## Your instructions
Going down the data below, set down exactly the line with "using two card_fibre[of" and each line after it through the line with "using assms(1)[of x"; no other lines.

## Input data
lemma CHAR_eq_of_card_eq_prime_power:
  assumes "finite (UNIV :: 'a::field set)" and "prime p" and "card (UNIV :: 'a set) = p ^ m"
  shows "CHAR('a) = p"
proof -
  have "prime CHAR('a)"
    using assms(1) by (intro prime_CHAR_semidom finite_imp_CHAR_pos)
  moreover have "CHAR('a) dvd p ^ m"
    using CHAR_dvd_CARD[where 'a='a] assms(3) by simp
  ultimately show ?thesis
    using assms(2) by (simp add: prime_dvd_power primes_dvd_imp_eq)
qed

lemma two_nonzero_of_CHAR:
  assumes "prime CHAR('a::comm_ring_1)" and "odd CHAR('a)"
  shows "(2::'a) \<noteq> 0"
proof
  assume "(2::'a) = 0"
  then have "CHAR('a) dvd 2" by (metis of_nat_numeral of_nat_eq_0_iff_char_dvd)
  with assms show False using primes_dvd_imp_eq[of "CHAR('a)" 2] by auto
qed

section \<open>The substitution x = y(1-y) over F_q\<close>

text \<open>Each fibre of F \<circ> h over S is twice as large as the corresponding fibre of F in A.\<close>
lemma card_fibres_comp_eq_2_iff_inj_on:
  assumes "finite S" and image_h: "h ` S = A"
    and fibres_h: "\<And>y. y \<in> S \<Longrightarrow> card {y' \<in> S. h y' = h y} = 2"
    and g_eq: "\<And>y. y \<in> S \<Longrightarrow> g y = F (h y)"
  shows "(\<forall>z \<in> g ` S. card {y \<in> S. g y = z} = 2) \<longleftrightarrow> inj_on F A"
proof -
  have "finite A" using \<open>finite S\<close> image_h by blast
  have card_fibre: "card {y \<in> S. g y = z} = 2 * card {c \<in> A. F c = z}" for z
  proof -
    have "{y \<in> S. g y = z} = (\<Union>c \<in> {c \<in> A. F c = z}. {y \<in> S. h y = c})"
      using image_h g_eq by auto
    also have "card \<dots> = (\<Sum>c \<in> {c \<in> A. F c = z}. card {y \<in> S. h y = c})"
      using \<open>finite S\<close> \<open>finite A\<close> by (intro card_UN_disjoint) auto
    also have "\<dots> = (\<Sum>c \<in> {c \<in> A. F c = z}. 2)"
      using image_h fibres_h by (intro sum.cong) auto
    finally show ?thesis by simp
  qed
  have image_g: "g ` S = F ` A"
    using image_h g_eq by (auto simp: image_image cong: image_cong)
  show ?thesis
  proof
    assume two: "\<forall>z \<in> g ` S. card {y \<in> S. g y = z} = 2"
    show "inj_on F A"
    proof (rule inj_onI, rule ccontr)
      fix c c' assume "c \<in> A" "c' \<in> A" "F c = F c'" "c \<noteq> c'"
      then have "{c, c'} \<subseteq> {d \<in> A. F d = F c}" by auto
      then have "2 \<le> card {d \<in> A. F d = F c}"
        using \<open>c \<noteq> c'\<close> \<open>finite A\<close> card_mono[of "{d \<in> A. F d = F c}" "{c, c'}"] by simp
      moreover have "card {d \<in> A. F d = F c} = 1"
        using two card_fibre[of "F c"] \<open>c \<in> A\<close> image_g by auto
      ultimately show False by simp
    qed
  next
    assume "inj_on F A"
    then have "{c \<in> A. F c = F d} = {d}" if "d \<in> A" for d
      using that by (auto dest: inj_onD)
    then show "\<forall>z \<in> g ` S. card {y \<in> S. g y = z} = 2"
      using image_g card_fibre by auto
  qed
qed

lemma additive_power_diff:
  fixes x y :: "'a::comm_ring_1"
  assumes "\<And>a b :: 'a. (a + b) ^ q = a ^ q + b ^ q" and "odd q"
  shows "(x - y) ^ q = x ^ q - y ^ q"
  using assms(1)[of x "- y"] assms(2) by simp

lemma additive_power_of_nat:
  assumes "\<And>a b :: 'a::comm_ring_1. (a + b) ^ q = a ^ q + b ^ q" and "q > 0"
  shows "(of_nat m :: 'a) ^ q = of_nat m"
  by (induction m) (simp_all add: assms power_0_left)

lemma additive_power_rdickson3_one:
  fixes x :: "'a::comm_ring_1"
  assumes "\<And>a b :: 'a. (a + b) ^ q = a ^ q + b ^ q" and "odd q"
  shows "rdickson3 n 1 x ^ q = rdickson3 n 1 (x ^ q)"
proof (induction n rule: induct_nat_012)
  case 0
  from \<open>odd q\<close> show ?case by (simp add: zero_power odd_pos)
next
  case (ge2 n)
  then show ?case
    by (simp add: rdickson3_one_Suc_Suc additive_power_diff[OF assms] power_mult_distrib)
qed simp

context
  fixes q :: nat
  assumes power_q_add: "\<And>x y :: 'a::field. (x + y) ^ q = x ^ q + y ^ q"
    and odd_q: "odd q"
    and two_nonzero: "(2::'a) \<noteq> 0"
begin

lemma power_q_one_minus: "(1 - y) ^ q = 1 - (y::'a) ^ q"
  using additive_power_diff[OF power_q_add odd_q, of 1 y] by simp

lemma of_nat_in_subfield_Fq: "(of_nat m :: 'a) \<in> subfield_Fq q"
  using additive_power_of_nat[OF power_q_add] odd_q by (simp add: subfield_Fq_def odd_pos)

lemma rdickson3_one_in_subfield_Fq:
  "c \<in> subfield_Fq q \<Longrightarrow> rdickson3 n 1 (c::'a) \<in> subfield_Fq q"
  by (simp add: subfield_Fq_def additive_power_rdickson3_one[OF power_q_add odd_q])

lemma quarter_in_subfield_Fq: "(1 / 4 :: 'a) \<in> subfield_Fq q"
  using of_nat_in_subfield_Fq[of 4] by (simp add: subfield_Fq_def power_divide)

lemma setS_iff: "y \<in> setS q \<longleftrightarrow> ((y::'a) ^ q = y \<or> y ^ q = 1 - y) \<and> y \<noteq> 1 / 2"
  by (auto simp: setS_def subfield_Fq_def setV_def)

lemma one_minus_in_setS: "y \<in> setS q \<Longrightarrow> 1 - (y::'a) \<in> setS q"
  using two_nonzero by (auto simp: setS_iff power_q_one_minus field_simps)

lemma one_minus_neq_self: "y \<in> setS q \<Longrightarrow> 1 - (y::'a) \<noteq> y"
  using two_nonzero by (auto simp: setS_iff field_simps)

lemma card_setS_fibre:
  assumes "y \<in> setS q"
  shows "card {y' \<in> setS q. y' * (1 - y') = y * (1 - (y::'a))} = 2"
proof -
  have "{y' \<in> setS q. y' * (1 - y') = y * (1 - y)} = {y, 1 - y}"
    using assms one_minus_in_setS by (auto simp: times_one_minus_eq_iff)
  then show ?thesis using one_minus_neq_self[OF assms] by simp
qed

text \<open>The roots of t^2 - t + c are (1 \<plusminus> s)/2 with s^2 = 1 - 4c; for c \<in> F_q the q-th power map
  fixes s or negates it, so the root lies in F_q or in V.\<close>
lemma image_setS_times_one_minus:
  assumes squares: "\<And>d::'a. d \<in> subfield_Fq q \<Longrightarrow> \<exists>s. s * s = d"
  shows "(\<lambda>y. y * (1 - y)) ` setS q = subfield_Fq q - {1 / 4 :: 'a}"
proof (intro equalityI subsetI)
  fix c :: 'a assume "c \<in> (\<lambda>y. y * (1 - y)) ` setS q"
  then obtain y where y: "y \<in> setS q" "c = y * (1 - y)" by blast
  have "(y * (1 - y)) ^ q = y * (1 - y)"
    using y(1) unfolding setS_iff power_mult_distrib power_q_one_minus by auto
  moreover have "y * (1 - y) \<noteq> 1 / 4"
    using y(1) unfolding setS_iff times_one_minus_eq_quarter_iff[OF two_nonzero] by blast
  ultimately show "c \<in> subfield_Fq q - {1 / 4}" by (simp add: y(2) subfield_Fq_def)
next
  fix c :: 'a assume c: "c \<in> subfield_Fq q - {1 / 4}"
  then have "1 - 4 * c \<in> subfield_Fq q"
    using of_nat_in_subfield_Fq[of 4] by (simp add: subfield_Fq_def power_q_one_minus power_mult_distrib)
  then obtain s where s: "s * s = 1 - 4 * c" using squares by blast
  define y where "y = (1 + s) / 2"
  have "s ^ q * s ^ q = s * s"
    using s \<open>1 - 4 * c \<in> subfield_Fq q\<close> by (simp add: subfield_Fq_def flip: power_mult_distrib)
  then have s_power_q: "s ^ q = s \<or> s ^ q = - s" by (simp add: square_eq_iff)
  have y_power_q: "y ^ q = (1 + s ^ q) / 2"
    using of_nat_in_subfield_Fq[of 2] by (simp add: y_def power_divide power_q_add subfield_Fq_def)
  have one_minus_y: "1 - y = (1 + - s) / 2"
    using two_nonzero by (simp add: y_def field_simps)
  have "y ^ q = y \<or> y ^ q = 1 - y"
    using s_power_q
  proof
    assume "s ^ q = s"
    then have "y ^ q = y" unfolding y_power_q by (simp only: y_def)
    then show ?thesis ..
  next
    assume "s ^ q = - s"
    then have "y ^ q = 1 - y" unfolding y_power_q one_minus_y by (simp only:)
    then show ?thesis ..
  qed
  moreover have "s \<noteq> 0" using s c four_nonzero[OF two_nonzero] by (auto simp: field_simps)
  then have "y \<noteq> 1 / 2" using two_nonzero by (simp add: y_def)
  ultimately have "y \<in> setS q" by (simp add: setS_iff)
  moreover have "y * (1 - y) = c"
  proof -
    have "y * (1 - y) = ((1 + s) * (1 + - s)) / (2 * 2)"
      unfolding one_minus_y unfolding y_def by (rule times_divide_times_eq)
    also have "(1 + s) * (1 + - s) = 4 * c" using s by (simp add: algebra_simps)
    finally show ?thesis using four_nonzero[OF two_nonzero] by simp
  qed
  ultimately show "c \<in> (\<lambda>y. y * (1 - y)) ` setS q" by blast
qed

lemma rdickson3_one_bij_betw_subfield_Fq_iff:
  assumes "finite (UNIV :: 'a set)"
    and squares: "\<And>d::'a. d \<in> subfield_Fq q \<Longrightarrow> \<exists>s. s * s = d"
  shows "bij_betw (\<lambda>c::'a. rdickson3 n 1 c) (subfield_Fq q) (subfield_Fq q)
    \<longleftrightarrow> ((\<forall>z \<in> gmap n ` (setS q :: 'a set). card {y \<in> setS q. gmap n y = z} = 2)
         \<and> (\<forall>y \<in> (setS q :: 'a set). gmap n y \<noteq> of_nat n / 2 ^ (n - 1)))"
proof -
  define F where "F = (\<lambda>c::'a. rdickson3 n 1 c)"
  define A where "A = subfield_Fq q - {1 / 4 :: 'a}"
  have finite_Fq: "finite (subfield_Fq q :: 'a set)" and finite_S: "finite (setS q :: 'a set)"
    using assms(1) by (auto intro: finite_subset)
  have image_h: "(\<lambda>y. y * (1 - y)) ` setS q = A"
    unfolding A_def using squares by (rule image_setS_times_one_minus)
  have g_eq: "gmap n y = F (y * (1 - y))" if "y \<in> setS q" for y :: 'a
    using that by (simp add: F_def setS_iff gmap_eq_rdickson3_one)
  have two_to_one: "(\<forall>z \<in> gmap n ` (setS q :: 'a set). card {y \<in> setS q. gmap n y = z} = 2) \<longleftrightarrow> inj_on F A"
    by (rule card_fibres_comp_eq_2_iff_inj_on[where F = F, OF finite_S image_h card_setS_fibre g_eq])
  have avoids_target: "(\<forall>y \<in> (setS q :: 'a set). gmap n y \<noteq> of_nat n / 2 ^ (n - 1)) \<longleftrightarrow> F (1 / 4) \<notin> F ` A"
  proof -
    have "F ` A = gmap n ` setS q"
      unfolding image_h[symmetric] image_image using g_eq by (intro image_cong[OF refl]) simp
    moreover have "of_nat n / 2 ^ (n - 1) = F (1 / 4)"
      unfolding F_def by (rule rdickson3_one_quarter[OF two_nonzero])
    ultimately show ?thesis by auto (metis image_eqI)
  qed
  have "F ` subfield_Fq q \<subseteq> subfield_Fq q"
    using rdickson3_one_in_subfield_Fq by (auto simp: F_def)
  then have "bij_betw F (subfield_Fq q) (subfield_Fq q) \<longleftrightarrow> inj_on F (subfield_Fq q)"
    using finite_Fq endo_inj_surj bij_betw_def by metis
  also have "\<dots> \<longleftrightarrow> inj_on F A \<and> F (1 / 4) \<notin> F ` A"
  proof -
    have "subfield_Fq q = insert (1 / 4) A"
      using quarter_in_subfield_Fq by (auto simp: A_def)
    then show ?thesis using inj_on_insert[of F "1 / 4" A] by (simp add: A_def)
  qed
  finally show ?thesis unfolding F_def[symmetric] two_to_one avoids_target .
qed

## Answer to this exercise
        using two card_fibre[of "F c"] \<open>c \<in> A\<close> image_g by auto
      ultimately show False by simp
    qed
  next
    assume "inj_on F A"
    then have "{c \<in> A. F c = F d} = {d}" if "d \<in> A" for d
      using that by (auto dest: inj_onD)
    then show "\<forall>z \<in> g ` S. card {y \<in> S. g y = z} = 2"
      using image_g card_fibre by auto
  qed
qed

lemma additive_power_diff:
  fixes x y :: "'a::comm_ring_1"
  assumes "\<And>a b :: 'a. (a + b) ^ q = a ^ q + b ^ q" and "odd q"
  shows "(x - y) ^ q = x ^ q - y ^ q"
  using assms(1)[of x "- y"] assms(2) by simp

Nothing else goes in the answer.